McMaster, who revealed his plans in detail for the first time in a series of interviews with FORBES, is amassing a war chest and powerful allies to go to battle. Cyanogen just raised $80 million from investors that include Twitter, mobile chip powerhouse Qualcomm, carrier Telefónica and media titan Rupert Murdoch. The round, which values Cyanogen at close to $1 billion, is being led by PremjiInvest, the investment arm of Wipro’s billionaire founder, Azim Premji, India’s third-richest man. Earlier investors pumped an additional $30 million into Cyanogen, among them: Benchmark, Andreessen Horowitz, Redpoint Ventures and Tencent. Microsoft, which considered investing in Cyanogen, is not participating in the current round, according to people familiar with its decision. But, these people say, Microsoft and Cyanogen are close to finalizing a wide-ranging partnership to incorporate several of Microsoft’s mobile services, including Bing, the voice-powered Cortana digital assistant, the OneDrive cloud-storage system, Skype and Outlook, into Cyanogen’s devices. The companies declined to comment, but at least one smartphone maker said his company was planning to sell a Cyanogen phone with many of those services built in later this year.
“App and chip vendors are very worried about Google controlling the entire experience,” says Peter Levine, partner with Andreessen Horowitz. That’s particularly true for firms that compete with Apple or Google, among them Box and Dropbox in cloud storage; Spotify in music; Facebook, Twitter, WhatsApp and Snapchat in messaging; Amazon in commerce; and Microsoft in a wide swath of sectors. The lessons from the PC era, when Microsoft used its Windows monopoly to sideline rivals and dictate terms to PC makers, still resonate. A third choice would be welcome and unleash a new wave of mobile innovation.

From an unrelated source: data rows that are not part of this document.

(* For any graph $G$ with no isolated vertex, order $n$ and maximum degree $\Delta$, $$\left\lceil\frac{2n+\gamma_t(G)}{\Delta+1}\right\rceil\le\gamma_{(2,2,1)}(G)\le\min\{3\gamma(G),2\gamma_t(G)\}.$$ Furthermore, if $G$ has minimum degree $\delta\ge2$, then $\gamma_{(2,2,1)}(G)\le\gamma_{\times2,t}(G)$.
   Context: All graphs are finite and simple; $N(v)$ is the open neighbourhood. $\gamma_{(2,2,1)}(G)$ is the minimum of $\sum_v f(v)$ over functions $f:V(G)\to\{0,1,2\}$ such that $\sum_{u\in N(v)}f(u)\ge 2$ whenever $f(v)\in\{0,1\}$ and $\sum_{u\in N(v)}f(u)\ge1$ whenever $f(v)=2$. $\gamma(G)$ is the domination number, $\gamma_t(G)$ the total domination number (minimum size of $S$ such that every vertex has a neighbour in $S$), and $\gamma_{\times2,t}(G)$ the minimum size of $S\subseteq V(G)$ such that every vertex has at least two neighbours in $S$. *)

theory Defs
  imports Complex_Main
begin

definition simple_graph :: "'a set \<Rightarrow> ('a \<Rightarrow> 'a \<Rightarrow> bool) \<Rightarrow> bool" where
  "simple_graph V E \<longleftrightarrow> finite V \<and> V \<noteq> {} \<and>
     (\<forall>u v. E u v \<longrightarrow> u \<in> V \<and> v \<in> V) \<and>
     (\<forall>u v. E u v \<longrightarrow> E v u) \<and> (\<forall>v. \<not> E v v)"

definition nbhd :: "'a set \<Rightarrow> ('a \<Rightarrow> 'a \<Rightarrow> bool) \<Rightarrow> 'a \<Rightarrow> 'a set" where
  "nbhd V E v = {u \<in> V. E v u}"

Cyanogen has a chance to snag as many as 1 billion handsets, more than the total number of iPhones sold to date, according to some analysts. Fifty million people already run Cyanogen on their phones, the company says. Most went through the hours-long process of erasing an Android phone and rebooting it with Cyanogen. McMaster is now persuading a growing list of phone manufacturers to make devices with Cyanogen built in, rather than Google’s Android. Their phones are selling out in record time. Analysts say each phone could bring Cyanogen a minimum of $10 in revenue and perhaps much more.
Of course, far more powerful players have tried and failed to establish a third mobile OS in the last several years: Microsoft, BlackBerry, Samsung, Mozilla, Nokia, Intel, Palm. McMaster is well aware of this history, which is why, he says, co-opting Android is the only way down the path. Then, by opening up Cyanogen’s code in ways that neither iOS nor Android have done, McMaster is hoping to attract app developers who feel hemmed in by Apple and Google. A company like Visa or PayPal would be able to build a contactless payment system that works just as well or better than Google Wallet. Skype could be built into the phone dialer. A service like Spotify could become the default music player on a phone. “In a perfect world the OS should know I use Spotify for music,” McMaster says. “I should be able to talk to the phone and say ‘Play that song’ and the f—ing song plays with Spotify. It doesn’t do that today.”
Eric Millette For Forbes
CYANOGEN WAS BORN LONG BEFORE McMaster anointed himself the David to Google’s Goliath. It dates back to 2009, when Steve Kondik, a 40-year-old entrepreneur and veteran programmer, began tinkering with Android in his Pittsburgh home during late-night hacking sessions. (Android is open source, so anyone can download the code and tweak it. As long as people don’t break things, Android apps, including Google’s own–Gmail, Maps, Drive, the Play Store and others–will run without problems. And Google, which gives away Android, makes money from ads in the apps and collects data from handsets.) An engineer who taught himself to code at age 8, Kondik has a graying, receding hairline. He is as understated and measured as McMaster is brash and impulsive. Kondik began by making some changes to the Android user interface, then worked on improving performance and extending battery life. Pretty soon a community of hundreds of developers coalesced around him and began contributing their coding skills to the Cyanogen endeavor, then called CyanogenMod. “It was completely unexpected,” Kondik says. “There was no grand vision.”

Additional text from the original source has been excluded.